## PROVIDED ENTRIES
====================

(* Let the switch times returned by Algorithm 1 (described in the context) be $(t_k,t_{k-1},\dots,t_1)$ with $t_k<\dots<t_1$. Then for any feasible switch time sequence $(t'_{k'},t'_{k'-1},\dots,t'_1)$ we have $t_i\le t'_i$ for all $i$ with $1\le i\le\min(k,k')$.
   Context: Let $\mathcal{S}=\{s^{(1)},\dots,s^{(n)}\}$ and $\mathcal{A}=\{a^{(1)},\dots,a^{(m)}\}$ be finite sets, $\mathcal{T}:\mathcal{S}\times\mathcal{A}\to\Delta(\mathcal{S})$ a Markov transition kernel, $\gamma\in[0,1]$, and $T\ge1$ an integer horizon. Let $\pi^{\mathrm{E}}=(\pi^{\mathrm{E}}_t)_{t=0}^{T-1}$ be a time-varying policy with each $\pi^{\mathrm{E}}_t(\cdot|s)$ a probability distribution on $\mathcal{A}$ and $\pi^{\mathrm{E}}_t(a|s)\in(0,1]$. For $k=1,\dots,m$ let $P_{a^{(k)}}\in\mathbb{R}^{n\times n}$ have $(i,j)$ entry $\mathcal{T}(s^{(j)}|s^{(i)},a^{(k)})$, $\mathbf{P}=\begin{bmatrix}P_{a^{(1)}}^\top&\cdots&P_{a^{(m)}}^\top\end{bmatrix}^\top\in\mathbb{R}^{mn\times n}$, $\mathbf{E}=\mathbf{1}_m\otimes\mathbf{I}_n$. For each $t$ let $\pi^{\log}_t\in\mathbb{R}^{mn}$ have entry $\log\pi^{\mathrm{E}}_t(a^{(k)}|s^{(i)})$ in position $(k-1)n+i$. Define $\mathcal{R}^{\mathrm{E}}$ as the set of pairs $(r,\nu)$, $r=(r_0,\dots,r_{T-1})$, $r_t\in\mathbb{R}^{mn}$, $\nu=(\nu_0,\dots,\nu_{T-1})$, $\nu_t\in\mathbb{R}^n$, such that $r_t-\mathbf{E}\nu_t+\gamma\mathbf{P}\nu_{t+1}=\pi^{\log}_t$ for $0\le t\le T-1$, with $\nu_T:=0$. A feasible switch time sequence is a sequence of integers $T>t'_1>t'_2>\dots>t'_{k'}>0$ such that, with $t'_0=T$ and $t'_{k'+1}=0$, there exists $(r,\nu)\in\mathcal{R}^{\mathrm{E}}$ with $r_t$ constant for $t$ in each interval $t'_{i+1}\le t<t'_i$, $i=0,\dots,k'$. For integers $0\le i<j\le T$ and $\nu_o\in\mathbb{R}^n$, let $\mathcal{R}^{\mathrm{inv}}_{i:j}(\nu_o)$ be the set of tuples $(\bar r,\nu_i,\dots,\nu_{j-1})$ with $\bar r\in\mathbb{R}^{mn}$, $\nu_l\in\mathbb{R}^n$, such that $\bar r-\mathbf{E}\nu_l+\gamma\mathbf{P}\nu_{l+1}=\pi^{\log}_l$ for $l=i,\dots,j-1$, where $\nu_j:=\nu_o$. By convention $\mathcal{R}^{\mathrm{inv}}_{-1:j}(\nu_o)=\emptyset$. Algorithm 1 (Greedy Interval Partitioning), input $T,\mathbf{P},\pi^{\mathrm{E}}$: set $Z\leftarrow()$, $R\leftarrow()$, $V_t\leftarrow0\in\mathbb{R}^n$ for $0\le t\le T$; $l\leftarrow-1$, $u\leftarrow T$, $j\leftarrow T-1$, $\tau\leftarrow T$. While $j\ge0$: if $\mathcal{R}^{\mathrm{inv}}_{j:\tau}(V_\tau)\ne\emptyset$, set $u\leftarrow j$ and pick some $(\bar r,\bar\nu)\in\mathcal{R}^{\mathrm{inv}}_{j:\tau}(V_\tau)$; otherwise set $l\leftarrow j$, and if moreover $u=l+1$, prepend $u$ to $Z$ and $\bar r$ to $R$, set $V_t\leftarrow\bar\nu_t$ for $t\in[u,\tau-1]$, $\tau\leftarrow u$, $l\leftarrow-1$. In either case then set $j\leftarrow\lfloor(l+u)/2\rfloor$. After the loop, prepend $\bar r$ to $R$, set $V_t\leftarrow\bar\nu_t$ for $t\in[0,\tau-1]$, and return $Z$ (switch times) and $R$. *)

theory Defs
  imports Complex_Main
begin

text \<open>The kernel is P s a s' = T(s' | s, a). A vector in R^{mn} indexed by (k,i) is a
  function 's => 'a => real; a vector in R^n is a function 's => real.
  Entry (a,s) of  r - E nu_t + gamma P nu_{t+1}  is computed by bellman_res.\<close>

definition bellman_res ::
  "('s::finite \<Rightarrow> 'a \<Rightarrow> 's \<Rightarrow> real) \<Rightarrow> real \<Rightarrow> ('s \<Rightarrow> 'a \<Rightarrow> real) \<Rightarrow> ('s \<Rightarrow> real) \<Rightarrow> ('s \<Rightarrow> real)
    \<Rightarrow> 's \<Rightarrow> 'a \<Rightarrow> real" where
  "bellman_res P \<gamma> rt nut nut1 s a = rt s a - nut s + \<gamma> * (\<Sum>s'\<in>UNIV. P s a s' * nut1 s')"

text \<open>The set R^E (nu_T := 0 is imposed as nu T = 0).\<close>
definition RE ::
  "('s::finite \<Rightarrow> 'a \<Rightarrow> 's \<Rightarrow> real) \<Rightarrow> real \<Rightarrow> nat \<Rightarrow> (nat \<Rightarrow> 's \<Rightarrow> 'a \<Rightarrow> real)
    \<Rightarrow> ((nat \<Rightarrow> 's \<Rightarrow> 'a \<Rightarrow> real) \<times> (nat \<Rightarrow> 's \<Rightarrow> real)) set" where
  "RE P \<gamma> T \<pi> = {(r, \<nu>). \<nu> T = (\<lambda>_. 0) \<and>
     (\<forall>t<T. \<forall>s a. bellman_res P \<gamma> (r t) (\<nu> t) (\<nu> (Suc t)) s a = ln (\<pi> t s a))}"

text \<open>R^inv_{i:j}(nu_o): only the components nu_i..nu_{j-1} of the second entry matter;
  nu_j is replaced by nu_o.\<close>
definition Rinv ::
  "('s::finite \<Rightarrow> 'a \<Rightarrow> 's \<Rightarrow> real) \<Rightarrow> real \<Rightarrow> (nat \<Rightarrow> 's \<Rightarrow> 'a \<Rightarrow> real) \<Rightarrow> nat \<Rightarrow> nat \<Rightarrow> ('s \<Rightarrow> real)
    \<Rightarrow> (('s \<Rightarrow> 'a \<Rightarrow> real) \<times> (nat \<Rightarrow> 's \<Rightarrow> real)) set" where
  "Rinv P \<gamma> \<pi> i j nuo = {(rb, \<nu>). \<forall>l. i \<le> l \<and> l < j \<longrightarrow>
     (\<forall>s a. bellman_res P \<gamma> rb (\<nu> l) (if Suc l = j then nuo else \<nu> (Suc l)) s a = ln (\<pi> l s a))}"

text \<open>Feasible switch time sequence T > t' 1 > ... > t' k' > 0 (indices 1..k').\<close>
definition feasible_switch ::
  "('s::finite \<Rightarrow> 'a \<Rightarrow> 's \<Rightarrow> real) \<Rightarrow> real \<Rightarrow> nat \<Rightarrow> (nat \<Rightarrow> 's \<Rightarrow> 'a \<Rightarrow> real)
    \<Rightarrow> nat \<Rightarrow> (nat \<Rightarrow> nat) \<Rightarrow> bool" where
  "feasible_switch P \<gamma> T \<pi> k' t' \<longleftrightarrow>
     (\<forall>i\<in>{1..k'}. 0 < t' i \<and> t' i < T) \<and>
     (\<forall>i. 1 \<le> i \<and> i < k' \<longrightarrow> t' (Suc i) < t' i) \<and>
     (let ext = (\<lambda>i. if i = 0 then T else if i = Suc k' then 0 else t' i) in
      \<exists>r \<nu>. (r, \<nu>) \<in> RE P \<gamma> T \<pi> \<and>
        (\<forall>i\<le>k'. \<forall>t s. ext (Suc i) \<le> t \<and> t < ext i \<and> ext (Suc i) \<le> s \<and> s < ext i
            \<longrightarrow> r t = r s))"

text \<open>State of Algorithm 1 (Greedy Interval Partitioning). l and j are integers
  (l may be -1); rbar / nubar hold the most recently picked element.\<close>
record ('s, 'a) gip_state =
  gZ :: "nat list"
  gR :: "('s \<Rightarrow> 'a \<Rightarrow> real) list"
  gV :: "nat \<Rightarrow> 's \<Rightarrow> real"
  gl :: int
  gu :: nat
  gj :: int
  gtau :: nat
  grbar :: "'s \<Rightarrow> 'a \<Rightarrow> real"
  gnubar :: "nat \<Rightarrow> 's \<Rightarrow> real"

definition gip_init :: "nat \<Rightarrow> ('s, 'a) gip_state" where
  "gip_init T = \<lparr> gZ = [], gR = [], gV = (\<lambda>_ _. 0), gl = -1, gu = T, gj = int T - 1,
      gtau = T, grbar = (\<lambda>_ _. 0), gnubar = (\<lambda>_ _. 0) \<rparr>"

====================

## TO DO
Count the lines of the material that include the word "grbar", then state only the total.

## ANSWER FOR THE TASK
2